-- EXERCISE MATERIAL --
text \<open>Let \<open>v\<close> be the point of least norm in the convex hull of the unit normals of
  \<open>A = closure (- X)\<close> at \<open>x\<close>, so that \<open>norm v ^ 2 \<le> n \<bullet> v\<close> for every such normal \<open>n\<close>,
  and suppose \<open>norm v < \<mu>\<close>. As \<open>A\<close> has positive reach, the nearest-point directions of \<open>A\<close>
  near \<open>x\<close> are close to normals at \<open>x\<close>; hence a point \<open>y\<close> near \<open>x\<close> on the side of \<open>- v\<close> has
  distance to \<open>X\<close> at least about \<open>- v \<bullet> (y - x)\<close>. The bound on the Clarke gradient of the
  distance to \<open>X\<close> provides, at every point near \<open>x\<close>, an ascent direction of rate almost \<open>\<mu>\<close>,
  so a step of length \<open>t\<close> from \<open>y\<close> reaches a point \<open>z\<close> whose distance to \<open>X\<close> is larger by
  almost \<open>\<mu> t\<close>. On the other hand every unit normal \<open>n\<close> is, uniformly, a Frechet normal of
  \<open>A\<close>, which bounds the distance from \<open>z\<close> to \<open>X\<close> by \<open>- n \<bullet> (z - x)\<close> up to \<open>O(\<epsilon> t)\<close>;
  averaging over the convex hull limits the rise to about \<open>norm v * t\<close>, a contradiction.\<close>

section \<open>Distance functions: differentiability and ascent\<close>

lemma has_derivative_squeeze:
  fixes f l u :: "'a::real_normed_vector \<Rightarrow> real"
  assumes "\<And>w. l w \<le> f w" "\<And>w. f w \<le> u w" "l y = f y" "u y = f y"
    and "(l has_derivative L) (at y)" "(u has_derivative L) (at y)"
  shows "(f has_derivative L) (at y)"
  unfolding has_derivative_at_alt
proof (intro conjI allI impI)
  show "bounded_linear L"
    using assms(5) by (rule has_derivative_bounded_linear)
  fix e :: real assume "e > 0"
  then obtain d1 d2 where "d1 > 0" "d2 > 0"
    and d1: "\<And>w. norm (w - y) < d1 \<Longrightarrow> norm (l w - l y - L (w - y)) \<le> e * norm (w - y)"
    and d2: "\<And>w. norm (w - y) < d2 \<Longrightarrow> norm (u w - u y - L (w - y)) \<le> e * norm (w - y)"
    using assms(5,6) unfolding has_derivative_at_alt by blast
  show "\<exists>d>0. \<forall>w. norm (w - y) < d \<longrightarrow> norm (f w - f y - L (w - y)) \<le> e * norm (w - y)"
  proof (intro exI[of _ "min d1 d2"] conjI allI impI)
    show "min d1 d2 > 0"
      using \<open>d1 > 0\<close> \<open>d2 > 0\<close> by simp
    fix w assume "norm (w - y) < min d1 d2"
    then have "\<bar>l w - l y - L (w - y)\<bar> \<le> e * norm (w - y)" "\<bar>u w - u y - L (w - y)\<bar> \<le> e * norm (w - y)"
      using d1 d2 by auto
    then show "norm (f w - f y - L (w - y)) \<le> e * norm (w - y)"
      using assms(1,2)[of w] assms(3,4) by (simp add: abs_le_iff)
  qed
qed

lemma power2_norm_add_scaleR:
  fixes v h :: "'a::real_inner"
  assumes "norm h = 1"
  shows "(norm (v + s *\<^sub>R h))\<^sup>2 = (norm v)\<^sup>2 + 2 * s * (h \<bullet> v) + s\<^sup>2"
proof -
  have "(norm (v + s *\<^sub>R h))\<^sup>2 = v \<bullet> v + 2 * s * (h \<bullet> v) + s\<^sup>2 * (h \<bullet> h)"
    by (simp only: dot_square_norm[symmetric])
      (simp add: inner_add_left inner_add_right inner_commute power2_eq_square algebra_simps)
  then show ?thesis
    using assms by (simp add: dot_square_norm)
qed

lemma has_derivative_norm_diff:
  fixes p y :: "'a::real_inner"
  assumes "y \<noteq> p"
  shows "((\<lambda>w. norm (w - p)) has_derivative (\<lambda>h. sgn (y - p) \<bullet> h)) (at y)"
  using has_derivative_compose[OF has_derivative_diff[OF has_derivative_ident has_derivative_const]
      has_derivative_norm[of "y - p"]] assms
  by (simp add: o_def inner_commute)

text \<open>Between a nearest point \<open>p\<close> and \<open>z\<close>, the distance function is squeezed between
  \<open>infdist z S - norm (w - z)\<close> and \<open>norm (w - p)\<close>, which touch it there.\<close>
lemma infdist_has_derivative_on_segment:
  fixes S :: "'a::euclidean_space set"
  assumes "p \<in> S" "norm (z - p) = infdist z S" "0 < infdist z S" "0 < \<theta>" "\<theta> < 1"
  shows "((\<lambda>w. infdist w S) has_derivative (\<lambda>h. sgn (z - p) \<bullet> h)) (at (p + \<theta> *\<^sub>R (z - p)))"
proof -
  define D where "D = infdist z S"
  define y where "y = p + \<theta> *\<^sub>R (z - p)"
  have upper: "infdist w S \<le> norm (w - p)" for w
    using infdist_le[OF assms(1)] by (simp add: dist_norm)
  have lower: "D - norm (w - z) \<le> infdist w S" for w
    using infdist_triangle[of z S w] by (simp add: D_def dist_norm norm_minus_commute)
  have yp: "y - p = \<theta> *\<^sub>R (z - p)" and yz: "y - z = - ((1 - \<theta>) *\<^sub>R (z - p))"
    by (simp_all add: y_def algebra_simps)
  have nyp: "norm (y - p) = \<theta> * D" and nyz: "norm (y - z) = (1 - \<theta>) * D"
    using assms(2,4,5) by (simp_all add: yp yz D_def)
  have "y \<noteq> p" "y \<noteq> z"
    using nyp nyz assms(3-5) by (auto simp: D_def)
  moreover have "sgn (y - p) = sgn (z - p)" "sgn (y - z) = - sgn (z - p)"
    using assms(4,5) by (simp_all add: yp yz sgn_scaleR sgn_minus)
  ultimately have du: "((\<lambda>w. norm (w - p)) has_derivative (\<lambda>h. sgn (z - p) \<bullet> h)) (at y)"
    and dl: "((\<lambda>w. D - norm (w - z)) has_derivative (\<lambda>h. sgn (z - p) \<bullet> h)) (at y)"
    using has_derivative_norm_diff[of y p]
      has_derivative_diff[OF has_derivative_const has_derivative_norm_diff[of y z], of D]
    by simp_all
  have "D - norm (y - z) = infdist y S" "norm (y - p) = infdist y S"
    using upper[of y] lower[of y] nyp nyz by (simp_all add: algebra_simps)
  from has_derivative_squeeze[OF lower upper this dl du] show ?thesis
    by (simp add: y_def)
qed

lemma near_nearest_points_inherit:
  fixes S :: "'a::euclidean_space set" and g :: "'a \<Rightarrow> real"
  assumes "closed S" "continuous_on S g"
    and "\<And>p. p \<in> S \<Longrightarrow> norm (z - p) = infdist z S \<Longrightarrow> c < g p"
  obtains \<eta> where "0 < \<eta>" "\<And>q. q \<in> S \<Longrightarrow> norm (z - q) < infdist z S + \<eta> \<Longrightarrow> c < g q"
proof -
  define K where "K = {q \<in> S. g q \<le> c} \<inter> cball z (infdist z S + 1)"
  have "compact K"
    unfolding K_def using assms(1,2)
    by (intro closed_Int_compact continuous_on_closed_Collect_le continuous_intros) auto
  show ?thesis
  proof (cases "K = {}")
    case True
    then show ?thesis
      by (intro that[of 1]) (auto simp: K_def dist_norm not_le)
  next
    case False
    have "continuous_on K (\<lambda>q. norm (z - q))"
      by (intro continuous_intros)
    then obtain q0 where q0: "q0 \<in> K" and min: "\<And>q. q \<in> K \<Longrightarrow> norm (z - q0) \<le> norm (z - q)"
      using continuous_attains_inf[OF \<open>compact K\<close> False] by blast
    have "infdist z S \<le> norm (z - q0)"
      using q0 infdist_le[of q0 S z] by (simp add: K_def dist_norm)
    moreover have "norm (z - q0) \<noteq> infdist z S"
      using q0 assms(3)[of q0] by (auto simp: K_def)
    ultimately have "0 < min 1 (norm (z - q0) - infdist z S)"
      by simp
    moreover have "c < g q"
      if "q \<in> S" "norm (z - q) < infdist z S + min 1 (norm (z - q0) - infdist z S)" for q
    proof (rule ccontr)
      assume "\<not> c < g q"
      then have "q \<in> K"
        using that by (simp add: K_def dist_norm norm_minus_commute)
      then show False
        using min[of q] that(2) by simp
    qed
    ultimately show ?thesis
      by (rule that)
  qed
qed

-- WHAT THE EXERCISE ASKS --
From the data above, output exactly the lines between the one containing "fix e :: real" and the one containing "using assms(1,2)[of w]", counting both of them.

-- TASK SOLUTION --
  fix e :: real assume "e > 0"
  then obtain d1 d2 where "d1 > 0" "d2 > 0"
    and d1: "\<And>w. norm (w - y) < d1 \<Longrightarrow> norm (l w - l y - L (w - y)) \<le> e * norm (w - y)"
    and d2: "\<And>w. norm (w - y) < d2 \<Longrightarrow> norm (u w - u y - L (w - y)) \<le> e * norm (w - y)"
    using assms(5,6) unfolding has_derivative_at_alt by blast
  show "\<exists>d>0. \<forall>w. norm (w - y) < d \<longrightarrow> norm (f w - f y - L (w - y)) \<le> e * norm (w - y)"
  proof (intro exI[of _ "min d1 d2"] conjI allI impI)
    show "min d1 d2 > 0"
      using \<open>d1 > 0\<close> \<open>d2 > 0\<close> by simp
    fix w assume "norm (w - y) < min d1 d2"
    then have "\<bar>l w - l y - L (w - y)\<bar> \<le> e * norm (w - y)" "\<bar>u w - u y - L (w - y)\<bar> \<le> e * norm (w - y)"
      using d1 d2 by auto
    then show "norm (f w - f y - L (w - y)) \<le> e * norm (w - y)"
      using assms(1,2)[of w] assms(3,4) by (simp add: abs_le_iff)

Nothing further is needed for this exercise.